• Work instructions
Look through the data below and return each line where "fixes" appears.

• Stored data entries
[Start of Attachment]
lemma hop_dist_le_walk_length:
  assumes "is_walk E p u v"
  shows "hop_dist E u v \<le> real (length p - 1)"
proof -
  have "length p = Suc (length p - 1)" using assms unfolding is_walk_def by simp
  then have "(LEAST n. \<exists>q. is_walk E q u v \<and> length q = Suc n) \<le> length p - 1"
    using assms by (intro Least_le) blast
  then show ?thesis unfolding hop_dist_def by simp
qed

lemma shortest_walk_exists:
  assumes "is_walk E p u v"
  obtains q where "is_walk E q u v" "hop_dist E u v = real (length q - 1)"
proof -
  have "length p = Suc (length p - 1)" using assms unfolding is_walk_def by simp
  then have "\<exists>n q. is_walk E q u v \<and> length q = Suc n" using assms by blast
  from LeastI_ex[OF this] obtain q where
    "is_walk E q u v" "length q = Suc (LEAST n. \<exists>q. is_walk E q u v \<and> length q = Suc n)"
    by blast
  then show ?thesis using that unfolding hop_dist_def by simp
qed

lemma hop_dist_antimono:
  assumes "is_walk E p u v" "E \<subseteq> E'"
  shows "hop_dist E' u v \<le> hop_dist E u v"
proof -
  obtain q where "is_walk E q u v" "hop_dist E u v = real (length q - 1)"
    using shortest_walk_exists[OF assms(1)] .
  then show ?thesis using hop_dist_le_walk_length is_walk_mono assms(2) by metis
qed

lemma walk_length_ge_2:
  assumes "is_walk E p u v" "u \<noteq> v"
  shows "2 \<le> length p"
proof (rule ccontr)
  assume "\<not> 2 \<le> length p"
  moreover have "p \<noteq> []" using assms(1) unfolding is_walk_def by simp
  ultimately obtain z where "p = [z]" by (cases p) (auto simp: Suc_le_eq)
  with assms show False unfolding is_walk_def by auto
qed

lemma hop_dist_ge_1:
  assumes "is_walk E p u v" "u \<noteq> v"
  shows "1 \<le> hop_dist E u v"
proof -
  obtain q where "is_walk E q u v" "hop_dist E u v = real (length q - 1)"
    using shortest_walk_exists[OF assms(1)] .
  then show ?thesis using walk_length_ge_2 assms(2) by fastforce
qed

lemma nbrs_nonempty_if_walk:
  assumes "is_walk E p u v" "u \<noteq> v"
  shows "nbrs E u \<noteq> {}"
proof -
  have "Suc 0 < length p" using walk_length_ge_2[OF assms] by simp
  then have "(p ! 0, p ! Suc 0) \<in> E" using assms(1) unfolding is_walk_def by blast
  moreover have "p ! 0 = u" using assms(1) unfolding is_walk_def by (metis hd_conv_nth)
  ultimately show ?thesis unfolding nbrs_def by auto
qed

lemma
  assumes "wgraph N E w" "nbrs E a \<noteq> {}"
  shows nbr_measure_nonneg: "0 \<le> nbr_measure E w a v"
    and sum_nbr_measure: "(\<Sum>v\<in>N. nbr_measure E w a v) = 1"
proof -
  have sub: "nbrs E a \<subseteq> N" and pos: "\<And>c. c \<in> nbrs E a \<Longrightarrow> 0 < w a c"
    and fin: "finite N"
    using assms(1) unfolding wgraph_def nbrs_def by auto
  then have total: "0 < (\<Sum>c\<in>nbrs E a. w a c)"
    using assms(2) by (intro sum_pos) (auto intro: finite_subset)
  then show "0 \<le> nbr_measure E w a v"
    unfolding nbr_measure_def using pos by (simp add: less_imp_le)
  have "(\<Sum>v\<in>N. nbr_measure E w a v) = (\<Sum>v\<in>nbrs E a. w a v / (\<Sum>c\<in>nbrs E a. w a c))"
    unfolding nbr_measure_def
    by (simp add: sum.inter_restrict[OF fin, symmetric] Int_absorb1[OF sub])
  also have "\<dots> = 1" using total by (simp add: sum_divide_distrib[symmetric])
  finally show "(\<Sum>v\<in>N. nbr_measure E w a v) = 1" .
qed

lemma nbr_measure_add_edge_non_endpoint:
  assumes "u \<notin> {x, y}"
  shows "nbr_measure (E \<union> {(x, y), (y, x)})
           (\<lambda>u v. if (u = x \<and> v = y) \<or> (u = y \<and> v = x) then wxy else w u v) u
         = nbr_measure E w u"
proof -
  have "nbrs (E \<union> {(x, y), (y, x)}) u = nbrs E u" using assms unfolding nbrs_def by auto
  then show ?thesis using assms unfolding nbr_measure_def by auto
qed

lemma connected_nbrs_nonempty:
  assumes "connected_graph N E" "a \<in> N" "b \<in> N" "a \<noteq> b"
  shows "nbrs E a \<noteq> {}"
  using assms nbrs_nonempty_if_walk unfolding connected_graph_def by metis

lemma
  assumes "connected_graph N E" "E \<subseteq> E'" "a \<in> N" "b \<in> N" "a \<noteq> b"
  shows hop_dist_supergraph_pos: "0 < hop_dist E' a b"
    and hop_dist_supergraph_le: "hop_dist E' a b \<le> hop_dist E a b"
proof -
  obtain p where p: "is_walk E p a b" using assms(1,3,4) unfolding connected_graph_def by blast
  show "0 < hop_dist E' a b" using hop_dist_ge_1[OF is_walk_mono[OF p assms(2)] assms(5)] by simp
  show "hop_dist E' a b \<le> hop_dist E a b" using hop_dist_antimono[OF p assms(2)] .
qed

lemma product_coupling:
  assumes "\<And>v. 0 \<le> \<mu> v" "(\<Sum>v\<in>N. \<mu> v) = 1" "\<And>v. 0 \<le> \<nu> v" "(\<Sum>v\<in>N. \<nu> v) = 1"
  shows "coupling N \<mu> \<nu> (\<lambda>i j. \<mu> i * \<nu> j)"
  unfolding coupling_def using assms
  by (simp add: sum_distrib_left[symmetric] sum_distrib_right[symmetric])

lemma transport_cost_nonneg:
  assumes "\<And>i j. 0 \<le> \<delta> i j" "coupling N \<mu> \<nu> \<gamma>"
  shows "0 \<le> transport_cost N \<delta> \<gamma>"
  using assms unfolding transport_cost_def coupling_def by (intro sum_nonneg) auto

lemma wasserstein_nonneg:
  assumes "\<And>i j. 0 \<le> \<delta> i j" "coupling N \<mu> \<nu> \<gamma>"
  shows "0 \<le> wasserstein N \<delta> \<mu> \<nu>"
  unfolding wasserstein_def
  by (rule cInf_greatest) (use assms(2) in \<open>auto intro: transport_cost_nonneg[OF assms(1)]\<close>)

lemma wasserstein_le_transport_cost:
  assumes "\<And>i j. 0 \<le> \<delta> i j" "coupling N \<mu> \<nu> \<gamma>"
  shows "wasserstein N \<delta> \<mu> \<nu> \<le> transport_cost N \<delta> \<gamma>"
  unfolding wasserstein_def
proof (rule cInf_lower)
  show "bdd_below {transport_cost N \<delta> \<gamma> |\<gamma>. coupling N \<mu> \<nu> \<gamma>}"
    by (rule bdd_belowI[where m = 0]) (auto intro: transport_cost_nonneg[OF assms(1)])
qed (use assms in auto)

lemma transport_cost_diff_le:
  assumes "coupling N \<mu> \<nu> \<gamma>" "(\<Sum>i\<in>N. \<mu> i) = 1"
    and "\<And>i j. i \<in> N \<Longrightarrow> j \<in> N \<Longrightarrow> \<delta> i j - \<delta>' i j \<le> M"
  shows "transport_cost N \<delta> \<gamma> - transport_cost N \<delta>' \<gamma> \<le> M"
proof -
  have nonneg: "\<And>i j. i \<in> N \<Longrightarrow> j \<in> N \<Longrightarrow> 0 \<le> \<gamma> i j"
    and rows: "\<And>i. i \<in> N \<Longrightarrow> (\<Sum>j\<in>N. \<gamma> i j) = \<mu> i"
    using assms(1) unfolding coupling_def by auto
  have "transport_cost N \<delta> \<gamma> - transport_cost N \<delta>' \<gamma>
      = (\<Sum>i\<in>N. \<Sum>j\<in>N. (\<delta> i j - \<delta>' i j) * \<gamma> i j)"
    unfolding transport_cost_def by (simp add: sum_subtractf[symmetric] left_diff_distrib)
  also have "\<dots> \<le> (\<Sum>i\<in>N. \<Sum>j\<in>N. M * \<gamma> i j)"
    by (intro sum_mono mult_right_mono) (use assms(3) nonneg in auto)
  also have "\<dots> = M * (\<Sum>i\<in>N. \<mu> i)" by (simp add: sum_distrib_left[symmetric] rows)
  finally show ?thesis using assms(2) by simp
qed

lemma wasserstein_diff_le:
  assumes "\<And>i j. 0 \<le> \<delta> i j" "coupling N \<mu> \<nu> \<pi>" "(\<Sum>i\<in>N. \<mu> i) = 1"
    and "transport_cost N \<delta>' \<pi> = wasserstein N \<delta>' \<mu> \<nu>"
    and "\<And>i j. i \<in> N \<Longrightarrow> j \<in> N \<Longrightarrow> \<delta> i j - \<delta>' i j \<le> M"
  shows "wasserstein N \<delta> \<mu> \<nu> - wasserstein N \<delta>' \<mu> \<nu> \<le> M"
  using wasserstein_le_transport_cost[where \<delta> = \<delta>, OF assms(1,2)]
    transport_cost_diff_le[where \<delta> = \<delta> and \<delta>' = \<delta>', OF assms(2,3,5)] assms(4)
  by linarith

lemma diff_le_Max_abs_diff:
  fixes f g :: "'a \<Rightarrow> 'a \<Rightarrow> real"
  assumes "finite N" "u \<in> N" "v \<in> N"
  shows "f u v - g u v \<le> Max {\<bar>f u v - g u v\<bar> | u v. u \<in> N \<and> v \<in> N}"
proof -
  have "finite {\<bar>f u v - g u v\<bar> | u v. u \<in> N \<and> v \<in> N}"
    using assms(1) by (intro finite_image_set2) simp_all
  then have "\<bar>f u v - g u v\<bar> \<le> Max {\<bar>f u v - g u v\<bar> | u v. u \<in> N \<and> v \<in> N}"
    by (rule Max_ge) (use assms(2,3) in blast)
  then show ?thesis by simp
qed

lemma ricci_diff_le:
  assumes "0 \<le> wasserstein N (hop_dist E) (nbr_measure E w a) (nbr_measure E w b)"
    and "0 < hop_dist E' a b" "hop_dist E' a b \<le> hop_dist E a b"
  shows "ricci N E' w' a b - ricci N E w a b
    \<le> (wasserstein N (hop_dist E) (nbr_measure E w a) (nbr_measure E w b)
       - wasserstein N (hop_dist E') (nbr_measure E' w' a) (nbr_measure E' w' b))
      / hop_dist E' a b"
proof -
  have "wasserstein N (hop_dist E) (nbr_measure E w a) (nbr_measure E w b) / hop_dist E a b
      \<le> wasserstein N (hop_dist E) (nbr_measure E w a) (nbr_measure E w b) / hop_dist E' a b"
    using assms by (intro divide_left_mono) auto
  then show ?thesis unfolding ricci_def by (simp add: diff_divide_distrib)
qed

theorem proposition1:
  fixes N :: "'a set" and E :: "('a \<times> 'a) set" and w :: "'a \<Rightarrow> 'a \<Rightarrow> real"
    and x y a b :: 'a and wxy :: real
  assumes G: "wgraph N E w" and conn: "connected_graph N E"
    and xy: "x \<in> N" "y \<in> N" "x \<noteq> y" "(x, y) \<notin> E" and wxy: "wxy > 0"
    and ab: "a \<in> N" "b \<in> N" "a \<noteq> b"
  defines "Es \<equiv> E \<union> {(x, y), (y, x)}"
    and "ws \<equiv> (\<lambda>u v. if (u = x \<and> v = y) \<or> (u = y \<and> v = x) then wxy else w u v)"
  shows "ricci N Es ws a b - ricci N E w a b
           \<le> (wasserstein N (hop_dist E) (nbr_measure E w a) (nbr_measure E w b)
              - wasserstein N (hop_dist Es) (nbr_measure Es ws a) (nbr_measure Es ws b))
             / hop_dist Es a b
         \<and> (a \<notin> {x, y} \<longrightarrow> b \<notin> {x, y} \<longrightarrow>
         (\<exists>\<pi>. coupling N (nbr_measure Es ws a) (nbr_measure Es ws b) \<pi> \<and>
              transport_cost N (hop_dist Es) \<pi>
                = wasserstein N (hop_dist Es) (nbr_measure Es ws a) (nbr_measure Es ws b)) \<longrightarrow>
         ricci N Es ws a b - ricci N E w a b
           \<le> Max {\<bar>hop_dist E u v - hop_dist Es u v\<bar> | u v. u \<in> N \<and> v \<in> N} / hop_dist Es a b)"
proof -
  have E_sub: "E \<subseteq> Es" unfolding Es_def by blast
  note ds_pos = hop_dist_supergraph_pos[OF conn E_sub ab]
  have "nbrs E a \<noteq> {}" "nbrs E b \<noteq> {}"
    using connected_nbrs_nonempty[OF conn] ab by metis+
  note \<mu>a = nbr_measure_nonneg[OF G this(1)] sum_nbr_measure[OF G this(1)]
    and \<mu>b = nbr_measure_nonneg[OF G this(2)] sum_nbr_measure[OF G this(2)]
  define W where "W = wasserstein N (hop_dist E) (nbr_measure E w a) (nbr_measure E w b)"
  define Ws where "Ws = wasserstein N (hop_dist Es) (nbr_measure Es ws a) (nbr_measure Es ws b)"
  define M where "M = Max {\<bar>hop_dist E u v - hop_dist Es u v\<bar> | u v. u \<in> N \<and> v \<in> N}"
  have curv: "ricci N Es ws a b - ricci N E w a b \<le> (W - Ws) / hop_dist Es a b"
    unfolding W_def Ws_def
    by (rule ricci_diff_le[OF wasserstein_nonneg[OF hop_dist_nonneg product_coupling[OF \<mu>a \<mu>b]]
          ds_pos hop_dist_supergraph_le[OF conn E_sub ab]])
  show ?thesis
    unfolding W_def[symmetric] Ws_def[symmetric] M_def[symmetric]
  proof (intro conjI impI)
    show "ricci N Es ws a b - ricci N E w a b \<le> (W - Ws) / hop_dist Es a b" by (fact curv)
  next
    have "nbr_measure Es ws u = nbr_measure E w u" if "u \<notin> {x, y}" for u
      using nbr_measure_add_edge_non_endpoint[OF that] unfolding Es_def ws_def .
    moreover assume "a \<notin> {x, y}" "b \<notin> {x, y}"
    ultimately have same: "nbr_measure Es ws a = nbr_measure E w a" "nbr_measure Es ws b = nbr_measure E w b"
      by blast+
    assume "\<exists>\<pi>. coupling N (nbr_measure Es ws a) (nbr_measure Es ws b) \<pi> \<and>
      transport_cost N (hop_dist Es) \<pi> = Ws"
    then obtain \<pi> where \<pi>: "coupling N (nbr_measure E w a) (nbr_measure E w b) \<pi>"
      and opt: "transport_cost N (hop_dist Es) \<pi> = wasserstein N (hop_dist Es) (nbr_measure E w a) (nbr_measure E w b)"
      unfolding Ws_def same by blast
    have "finite N" using G unfolding wgraph_def by blast
    have "W - Ws \<le> M"
      unfolding W_def Ws_def M_def same
      by (rule wasserstein_diff_le[where \<delta> = "hop_dist E" and \<delta>' = "hop_dist Es",
            OF hop_dist_nonneg \<pi> \<mu>a(2) opt])
        (rule diff_le_Max_abs_diff[where f = "hop_dist E" and g = "hop_dist Es", OF \<open>finite N\<close>])
    then have "(W - Ws) / hop_dist Es a b \<le> M / hop_dist Es a b"
      using ds_pos by (simp add: divide_right_mono)
    with curv show "ricci N Es ws a b - ricci N E w a b \<le> M / hop_dist Es a b" by linarith
  qed
qed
[End of Attachment]
• Written answer
  fixes f g :: "'a \<Rightarrow> 'a \<Rightarrow> real"
  fixes N :: "'a set" and E :: "('a \<times> 'a) set" and w :: "'a \<Rightarrow> 'a \<Rightarrow> real"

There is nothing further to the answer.